While the Rmb continues to rise in terms of world ranking among all international currencies, offshore and cross-border usage remains relatively low. Looking at recent industry surveys in terms of Rmb usage, it substantiates those opinions that corporate demand for cross-border Rmb remains low despite the high level of dialogue around the Rmb. The general consensus is that China is committed to internationalising the Rmb. The gap between dialogue and usage can be narrowed by better market advocacy. PBoC has implemented many pilot programmes to test the market before the launch of any scheme to the public. Many corporates understand the “why” but not the “how” in using Rmb, as there are many internal and external practical challenges such as accounting standards to overcome.
“The government continues to make statements and take actions that indicate their commitment, but it is still very closely tied to the impact to the economy of China. They are very intent in managing appropriate levels of inflation and GDP growth and are conscious of capital inflows and outflows that will dictate how liberal they make Rmb in the near term,” added DiCocco.
According to Lim, the Rmb is emerging to be a significant contender in the world of trade settlement currencies that is now dominated by the US dollar and the euro.
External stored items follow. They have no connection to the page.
lemma composite_exponent_imp_short_cyc_coset:
  fixes b n :: nat
  assumes "1 < b" "2 \<le> n" "\<not> prime n"
  shows "\<exists>s \<in> {1..b ^ n - 2}. card (cyc_coset b (b ^ n - 1) s) < n"
proof -
  obtain a where "a dvd n" "a \<noteq> 1" "a \<noteq> n"
    using assms(2,3) by (auto simp: prime_nat_iff)
  moreover have "0 < a" using dvd_pos_nat[of n a] \<open>a dvd n\<close> assms(2) by simp
  ultimately have "1 < a" "a < n" using dvd_imp_le[of a n] assms(2) by auto
  have "b < b ^ a" using power_strict_increasing[OF \<open>1 < a\<close> assms(1)] by simp
  then have "1 < b ^ a - 1" using assms(1) by simp
  define s where "s = (b ^ n - 1) div (b ^ a - 1)"
  have "s \<in> {1..b ^ n - 2}"
    unfolding s_def using assms(1,2) \<open>a dvd n\<close> \<open>1 < b ^ a - 1\<close>
    by (intro mersenne_cofactor_bounds) simp_all
  moreover have "card (cyc_coset b (b ^ n - 1) s) = a"
    unfolding s_def using assms(1,2) \<open>a dvd n\<close> by (intro card_cyc_coset_mersenne_cofactor) simp_all
  ultimately show ?thesis using \<open>a < n\<close> by (intro bexI[of _ s]) simp_all
qed

lemma card_cyc_coset_eq_prime_ord:
  fixes M s :: nat
  assumes "prime (ord M 2)" "s \<in> {1..M-1}"
  shows "card (cyc_coset 2 M s) = ord M 2"
proof -
  have "coprime 2 M" using prime_gt_0_nat[OF assms(1)] by (simp add: coprime_commute)
  have "0 < M" using assms(2) by (cases M) auto
  define M' where "M' = M div gcd s M"
  have "s < M" using assms(2) by (cases M) auto
  moreover have "gcd s M \<le> s" using assms(2) by (intro gcd_le1_nat) simp
  moreover have "M = gcd s M * M'" by (simp add: M'_def)
  ultimately have "1 < M'"
    by (metis le_less_trans less_one mult_0_right mult.right_neutral nat_neq_iff not_less_zero)
  then have "ord M' 2 \<noteq> 1"
    by (auto simp: ord_eq_Suc_0_iff cong_altdef_nat)
  moreover have "ord M' 2 dvd ord M 2"
    unfolding M'_def by (rule ord_dvd_ord_if_dvd) (metis dvd_mult_div_cancel gcd_dvd2 dvd_triv_right)
  ultimately have "ord M' 2 = ord M 2"
    using assms(1) by (metis One_nat_def prime_nat_iff)
  then show ?thesis
    using card_cyc_coset[OF \<open>coprime 2 M\<close> \<open>0 < M\<close>] by (simp add: M'_def)
qed

theorem theorem3:
  fixes n :: nat
  assumes "primover 2 n"
  shows "primover 2 (2 ^ n - 1) \<longleftrightarrow> prime n"
proof -
  define M :: nat where "M = 2 ^ n - 1"
  have "2 \<le> n" using assms by (simp add: primover_def)
  then have "(2::nat) ^ 2 \<le> 2 ^ n" by (rule power_increasing) simp
  then have "1 < M" "odd M" "coprime 2 M"
    using coprime_mersenne[of 2 n] \<open>2 \<le> n\<close> by (auto simp: M_def)
  have ord: "ord M 2 = n" unfolding M_def by (rule ord_mersenne) simp
  have "primover 2 M \<longleftrightarrow> (\<forall>s \<in> {1..M-1}. card (cyc_coset 2 M s) = n)"
    using primover_iff_r_cos_equation r_cos_equation_iff \<open>1 < M\<close> \<open>odd M\<close> \<open>coprime 2 M\<close>
    by (simp add: h_ord_def ord)
  also have "\<dots> \<longleftrightarrow> prime n"
  proof
    assume full: "\<forall>s \<in> {1..M-1}. card (cyc_coset 2 M s) = n"
    show "prime n"
    proof (rule ccontr)
      assume "\<not> prime n"
      then show False
        using composite_exponent_imp_short_cyc_coset[of 2 n] full \<open>2 \<le> n\<close> by (auto simp: M_def)
    qed
  next
    assume "prime n"
    then show "\<forall>s \<in> {1..M-1}. card (cyc_coset 2 M s) = n"
      using card_cyc_coset_eq_prime_ord ord by auto
  qed
  finally show ?thesis by (simp add: M_def)
qed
Looking at China over the last 20 years, the expansion in China’s exports has allowed the Rmb to be more internationally utilised as a means of trade settlement. Additionally, the recent shift in financial focus through China’s political reform will signify a more deregulated Rmb that allows foreign investors and corporations to increase their trades in the Rmb market.
“From a transactional banking point of view, it is imperative that we implement systems and products that suit the requirements and demands of the Rmb revolution, especially with the increase in popularity of Rmb outside China,” she surmised.
Emerging trade corridors
China’s influence on trade extends beyond the immediate region; it is also driving the emergence of new inter-regional trade corridors.
“Geographically, trade corridors between Asia, Middle East and Africa are growing primarily on the back of foreign direct investment that countries such as China are providing to African nations, and to a certain extent, Middle Eastern countries,” said Yorke.
And that is creating business flow for banks in Asia. DBS, for example has seen a lot of trade activities between Asia-Africa and Asia-Latin America, more so than the Middle East.
“While our strategic focus and expertise is within Asia, we recognise the potential in this space, and hence, work closely with our clients to complement the services provided by their banks in these markets to meet their transactional banking needs,” said Lim.